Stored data
lemma poly_matrix_annihilator_exists:
  fixes M :: "complex^'n^'n"
  shows "\<exists>q. q \<noteq> 0 \<and> poly_matrix q M = 0"
proof -
  define P where "P k = poly_matrix ([:0, 1:] ^ k) M" for k
  define D where "D = DIM(complex^'n^'n)"
  \<comment> \<open>Either two of the D + 1 powers of M coincide, or they are linearly dependent over the reals.\<close>
  show ?thesis
  proof (cases "inj_on P {..D}")
    case False
    then obtain i j where ij: "i < j" "P i = P j"
      unfolding inj_on_def by (metis linorder_neqE_nat)
    define q :: "complex poly" where "q = monom 1 j - monom 1 i"
    have "coeff q j = 1" using ij by (simp add: q_def coeff_monom)
    then have "q \<noteq> 0" by auto
    moreover have "poly_matrix q M = 0"
      using ij by (simp add: q_def poly_matrix_diff poly_matrix_monom P_def)
    ultimately show ?thesis by blast
  next
    case True
    define S where "S = P ` {..D}"
    have "card S = Suc D" using True by (simp add: S_def card_image)
    then have "dependent S" by (intro dependent_biggerset) (simp_all add: S_def D_def)
    then obtain u where u: "\<exists>v\<in>S. u v \<noteq> 0" "(\<Sum>v\<in>S. u v *\<^sub>R v) = 0"
      by (auto simp: S_def dependent_finite)
    define q where "q = (\<Sum>i\<le>D. monom (complex_of_real (u (P i))) i)"
    have "poly_matrix q M = (\<Sum>i\<le>D. u (P i) *\<^sub>R P i)"
      by (simp add: q_def poly_matrix_sum poly_matrix_monom mat_of_real_mult P_def)
    also have "\<dots> = (\<Sum>v\<in>S. u v *\<^sub>R v)"
      unfolding S_def using True by (simp add: sum.reindex)
    finally have "poly_matrix q M = 0" using u by simp
    moreover obtain i where "i \<le> D" "u (P i) \<noteq> 0" using u(1) by (auto simp: S_def)
    then have "coeff q i \<noteq> 0" by (simp add: q_def coeff_sum coeff_monom)
    ultimately show ?thesis by (intro exI[of _ q]) auto
  qed
qed
lemma nonzeros_kcards_swap:
  assumes T: "T \<subseteq> B" and a: "a \<in> B" and b: "b \<in> B"
  shows "nonzeros (kcards K T [a, b]) = nonzeros (kcards K T [b, a])"
proof -
  define A where "A = {k \<in> centralizer K T. anticommute k a}"
  define A' where "A' = {k \<in> centralizer K T. anticommute k b}"
  have kcards: "kcards K T [a, b] = [card A, card (A' - A)]" "kcards K T [b, a] = [card A', card (A - A')]"
    unfolding kcards.simps kcard_insert by (simp_all add: kcard_def A_def A'_def)
  consider "A = {}" | "A' = {}" | "A \<noteq> {}" "A' \<noteq> {}"
    by blast
  then have "nonzeros [card A, card (A' - A)] = nonzeros [card A', card (A - A')]"
  proof cases
    case 3
    have fin: "finite A" "finite A'"
      by (simp_all add: A_def A'_def finite_centralizer_Collect finite_K)
    then have "card A = card A'"
      using 3 kcard_eq[OF T a b] by (simp add: A_def A'_def kcard_def card_gt_0_iff)
    moreover have "card (A' - A) = card (A - A')"
      using fin \<open>card A = card A'\<close> by (simp add: card_Diff_subset_Int Int_commute)
    ultimately show ?thesis
      by simp
  qed simp_all
  then show ?thesis
    by (simp only: kcards)
qed

lemma nonzeros_kcards_move_to_front:
  assumes "set xs \<subseteq> B" "a \<in> B" "T \<subseteq> B"
  shows "nonzeros (kcards K T (xs @ a # ys)) = nonzeros (kcards K T (a # xs @ ys))"
  using assms
proof (induction xs arbitrary: T)
  case (Cons x xs)
  then have x: "x \<in> B" and xT: "insert x T \<subseteq> B"
    by auto
  have "nonzeros (kcards K T (x # xs @ a # ys)) = nonzeros (kcards K T ([x, a] @ xs @ ys))"
    using Cons by (simp add: insert_commute)
  also have "\<dots> = nonzeros (kcards K T ([a, x] @ xs @ ys))"
    using nonzeros_kcards_swap[OF \<open>T \<subseteq> B\<close> x \<open>a \<in> B\<close>]
    by (simp only: kcards_append filter_append) (simp add: insert_commute)
  finally show ?case
    by simp
qed simp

TO DO: All the records above need to be transcribed exactly and in full.

THE COMPLETED TASK:
lemma poly_matrix_annihilator_exists:
  fixes M :: "complex^'n^'n"
  shows "\<exists>q. q \<noteq> 0 \<and> poly_matrix q M = 0"
proof -
  define P where "P k = poly_matrix ([:0, 1:] ^ k) M" for k
  define D where "D = DIM(complex^'n^'n)"
  \<comment> \<open>Either two of the D + 1 powers of M coincide, or they are linearly dependent over the reals.\<close>
  show ?thesis
  proof (cases "inj_on P {..D}")
    case False
    then obtain i j where ij: "i < j" "P i = P j"
      unfolding inj_on_def by (metis linorder_neqE_nat)
    define q :: "complex poly" where "q = monom 1 j - monom 1 i"
    have "coeff q j = 1" using ij by (simp add: q_def coeff_monom)
    then have "q \<noteq> 0" by auto
    moreover have "poly_matrix q M = 0"
      using ij by (simp add: q_def poly_matrix_diff poly_matrix_monom P_def)
    ultimately show ?thesis by blast
  next
    case True
    define S where "S = P ` {..D}"
    have "card S = Suc D" using True by (simp add: S_def card_image)
    then have "dependent S" by (intro dependent_biggerset) (simp_all add: S_def D_def)
    then obtain u where u: "\<exists>v\<in>S. u v \<noteq> 0" "(\<Sum>v\<in>S. u v *\<^sub>R v) = 0"
      by (auto simp: S_def dependent_finite)
    define q where "q = (\<Sum>i\<le>D. monom (complex_of_real (u (P i))) i)"
    have "poly_matrix q M = (\<Sum>i\<le>D. u (P i) *\<^sub>R P i)"
      by (simp add: q_def poly_matrix_sum poly_matrix_monom mat_of_real_mult P_def)
    also have "\<dots> = (\<Sum>v\<in>S. u v *\<^sub>R v)"
      unfolding S_def using True by (simp add: sum.reindex)
    finally have "poly_matrix q M = 0" using u by simp
    moreover obtain i where "i \<le> D" "u (P i) \<noteq> 0" using u(1) by (auto simp: S_def)
    then have "coeff q i \<noteq> 0" by (simp add: q_def coeff_sum coeff_monom)
    ultimately show ?thesis by (intro exI[of _ q]) auto
  qed
qed
lemma nonzeros_kcards_swap:
  assumes T: "T \<subseteq> B" and a: "a \<in> B" and b: "b \<in> B"
  shows "nonzeros (kcards K T [a, b]) = nonzeros (kcards K T [b, a])"
proof -
  define A where "A = {k \<in> centralizer K T. anticommute k a}"
  define A' where "A' = {k \<in> centralizer K T. anticommute k b}"
  have kcards: "kcards K T [a, b] = [card A, card (A' - A)]" "kcards K T [b, a] = [card A', card (A - A')]"
    unfolding kcards.simps kcard_insert by (simp_all add: kcard_def A_def A'_def)
  consider "A = {}" | "A' = {}" | "A \<noteq> {}" "A' \<noteq> {}"
    by blast
  then have "nonzeros [card A, card (A' - A)] = nonzeros [card A', card (A - A')]"
  proof cases
    case 3
    have fin: "finite A" "finite A'"
      by (simp_all add: A_def A'_def finite_centralizer_Collect finite_K)
    then have "card A = card A'"
      using 3 kcard_eq[OF T a b] by (simp add: A_def A'_def kcard_def card_gt_0_iff)
    moreover have "card (A' - A) = card (A - A')"
      using fin \<open>card A = card A'\<close> by (simp add: card_Diff_subset_Int Int_commute)
    ultimately show ?thesis
      by simp
  qed simp_all
  then show ?thesis
    by (simp only: kcards)
qed

lemma nonzeros_kcards_move_to_front:
  assumes "set xs \<subseteq> B" "a \<in> B" "T \<subseteq> B"
  shows "nonzeros (kcards K T (xs @ a # ys)) = nonzeros (kcards K T (a # xs @ ys))"
  using assms
proof (induction xs arbitrary: T)
  case (Cons x xs)
  then have x: "x \<in> B" and xT: "insert x T \<subseteq> B"
    by auto
  have "nonzeros (kcards K T (x # xs @ a # ys)) = nonzeros (kcards K T ([x, a] @ xs @ ys))"
    using Cons by (simp add: insert_commute)
  also have "\<dots> = nonzeros (kcards K T ([a, x] @ xs @ ys))"
    using nonzeros_kcards_swap[OF \<open>T \<subseteq> B\<close> x \<open>a \<in> B\<close>]
    by (simp only: kcards_append filter_append) (simp add: insert_commute)
  finally show ?case
    by simp
qed simp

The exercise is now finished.